Добкин быстро подошел к стойке, перегнулся через нее, левой рукой схватил Кассима за волосы, а правой вонзил ему нож в горло. Затем он тихонько опустил тело Кассима на пол, потом вытер газетой руки и стойку. С пола еще доносились булькающие звуки. От стойки Добкин направился к двери с надписью на арабском «Кабинет управляющего» и открыл ее.

Небольшой кабинет освещал только торшер, в пятне света на полу лежала обнаженная женщина… или девушка… она лежала на животе, залитая кровью, и наверняка была мертва или близка к этому. По коже и прическе Добкин определил, что это не местная крестьянка, которую украли и притащили сюда со вполне определенной целью. Он быстро подошел к телу и перевернул его. Хотя лицо девушки было сильно разбито, оно показалось Добкину знакомым. Его худшее опасение — что она одна из пассажирок «Конкорда» — оправдалось, он с трудом, но узнал секретаршу Ягеля Текоха, но не смог вспомнить ее имени. Добкин опустился на колени и прижал ухо к ее груди. Девушка была еще жива. Он посмотрел на ее окровавленное тело, которое, казалось, было истерзано каким-то диким животным.

Подняв тело девушки, Добкин положил его на небольшую кушетку, стоявшую у стены. На крючке для одежды на двери висела длинная шерстяная накидка. Сняв ее, Добкин накрыл несчастную и, увидев графин с водой, плеснул из него ей на лицо. Девушка слегка пошевелилась. Добкин отставил в сторону графин, он не мог больше тратить ни одной секунды. Подойдя к столу, он снял трубку телефона. Этот привычный жест показался ему незнакомым, такое же чувство он испытал во время военных действий на Синайском полуострове, когда нашел работающий телефон в разрушенной деревне. Тогда он позвонил в соседнюю деревню — а она еще находилась в руках египтян — и объявил, что скоро возьмет ее. Но это была шутка, а сейчас — нет. Добкин с нетерпением ждал гудка. Над головой были слышны звуки шагов и стоны. Наверное, это раненые и санитары. А из-за стены доносились мужские голоса, ветер за окном трепал ставни. Работает ли телефон? Добкин посмотрел на него. Наборного диска не было, значит, связь осуществлялась только через коммутатор, но как же вызвать телефонистку? Он постучал по рычагу. Ему показалось, что прошла целая вечность.

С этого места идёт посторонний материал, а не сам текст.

theorem mainTheorem14:
  fixes f :: "real^'l \<Rightarrow> real^'m \<Rightarrow> real^'l"
    and Lam :: "real \<Rightarrow> real^'m" and lm lp :: "real^'m"
    and X :: "real \<Rightarrow> real^'l" and N :: nat
  assumes "C1_map (\<lambda>p::((real^'l) \<times> (real^'m)). f (fst p) (snd p))"
    and "parameter_shift Lam lm lp"
    and "stable_path f Lam lm lp X"
    and "\<forall>s. \<forall>n\<ge>N. onorm (Dx f (X s) (Lam s) ^^ n) < 1/4"
  shows "\<exists>r0>0. \<exists>e0>0. \<forall>r. 0 < r \<and> r < r0 \<longrightarrow> (\<forall>\<epsilon>. 0 < \<epsilon> \<and> \<epsilon> < e0 \<longrightarrow>
           (\<forall>n\<in>{N..N*(N+1)}. \<forall>s x. norm (x - X s) \<le> \<epsilon> \<longrightarrow>
              onorm (frechet_derivative (\<lambda>y. snd ((Fr f Lam r ^^ n) (s, y))) (at x)) < 1/2))"
proof -
  obtain Df where "\<And>p. ((\<lambda>p. f (fst p) (snd p)) has_derivative blinfun_apply (Df p)) (at p)"
    and "continuous_on UNIV Df"
    using assms(1) unfolding C1_map_def by blast
  then interpret C1_family f Df by unfold_locales
  have Lam: "continuous_on UNIV Lam" "(Lam \<longlongrightarrow> lp) at_top" "(Lam \<longlongrightarrow> lm) at_bot"
    using assms(2) unfolding parameter_shift_def C1_differentiable_on_eq
    by (auto intro: continuous_at_imp_continuous_on differentiable_imp_continuous_within)
  obtain Xm Xp where X: "\<And>s. f (X s) (Lam s) = X s" "connected (range (\<lambda>s. (s, X s)))"
    "(X \<longlongrightarrow> Xp) at_top" "(X \<longlongrightarrow> Xm) at_bot"
    using assms(3) unfolding stable_path_def by blast
  have small: "norm (comp_upto (\<lambda>_. D1 (X s, Lam s)) n) < 1 / 4" if "N \<le> n" for s n
    using assms(4) that
    by (simp add: Dx_def frechet_derivative_partial norm_blinfun.rep_eq
        blinfun_apply_comp_upto_const)
  have "norm (comp_upto (\<lambda>_. D1 (X s, Lam s)) N) < 1" for s
    using small[of N s] by linarith
  with Lam(1) X(1,2) interpret stable_fixpoint_curve f Df Lam X N
    by unfold_locales
  obtain r0 e0 where "r0 > 0" "e0 > 0" and small_orbit: "\<And>r s x n. 0 < r \<Longrightarrow> r < r0
      \<Longrightarrow> dist x (X s) < e0 \<Longrightarrow> N \<le> n \<Longrightarrow> n \<le> N * (N + 1)
      \<Longrightarrow> norm (comp_upto (\<lambda>j. D1 (orbit f (\<lambda>k. Lam (s + real k * r)) j x, Lam (s + real j * r))) n)
          < 1 / 2"
    using shifted_orbit_derivative_small[OF Lam(2,3) X(3,4), where M = "N * (N + 1)"] small by blast
  have "onorm (frechet_derivative (\<lambda>y. snd ((Fr f Lam r ^^ n) (s, y))) (at x))
      = norm (comp_upto (\<lambda>j. D1 (orbit f (\<lambda>k. Lam (s + real k * r)) j x, Lam (s + real j * r))) n)"
    for r n s x
    by (simp add: Fr_funpow frechet_derivative_orbit norm_blinfun.rep_eq)
  then show ?thesis
    using \<open>r0 > 0\<close> \<open>e0 > 0\<close> small_orbit
    by (intro exI[of _ r0] exI[of _ e0]) (auto simp: dist_norm)
qed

Внезапно в трубке раздался мужской голос, грубый и раздраженный:

— Да? Коммутатор Хиллы! Слушаю.

Добкин набрал в легкие воздуха.

— Хилла, соедините меня, пожалуйста, с международным коммутатором в Багдаде.

— Вам нужен Багдад?

— Багдад. — Добкин понимал, что дозвониться будет трудно, ему следовало запастись терпением человека, строящего карточный домик. Одна неудача — и связь оборвется.

— А кто просит Багдад?

Добкин никогда не ценил демократии своей страны, пока не побывал в странах с тоталитарными режимами. Он замялся, потом сказал:

— Это доктор Аль-Ханни. — Нет. Это грубая ошибка. Телефонист в Хилле наверняка знает голос доктора. — То есть я доктор Омар Саббах, звоню из гостиницы при музее, которым руководит доктор Аль-Ханни. Соедините, пожалуйста, с Багдадом.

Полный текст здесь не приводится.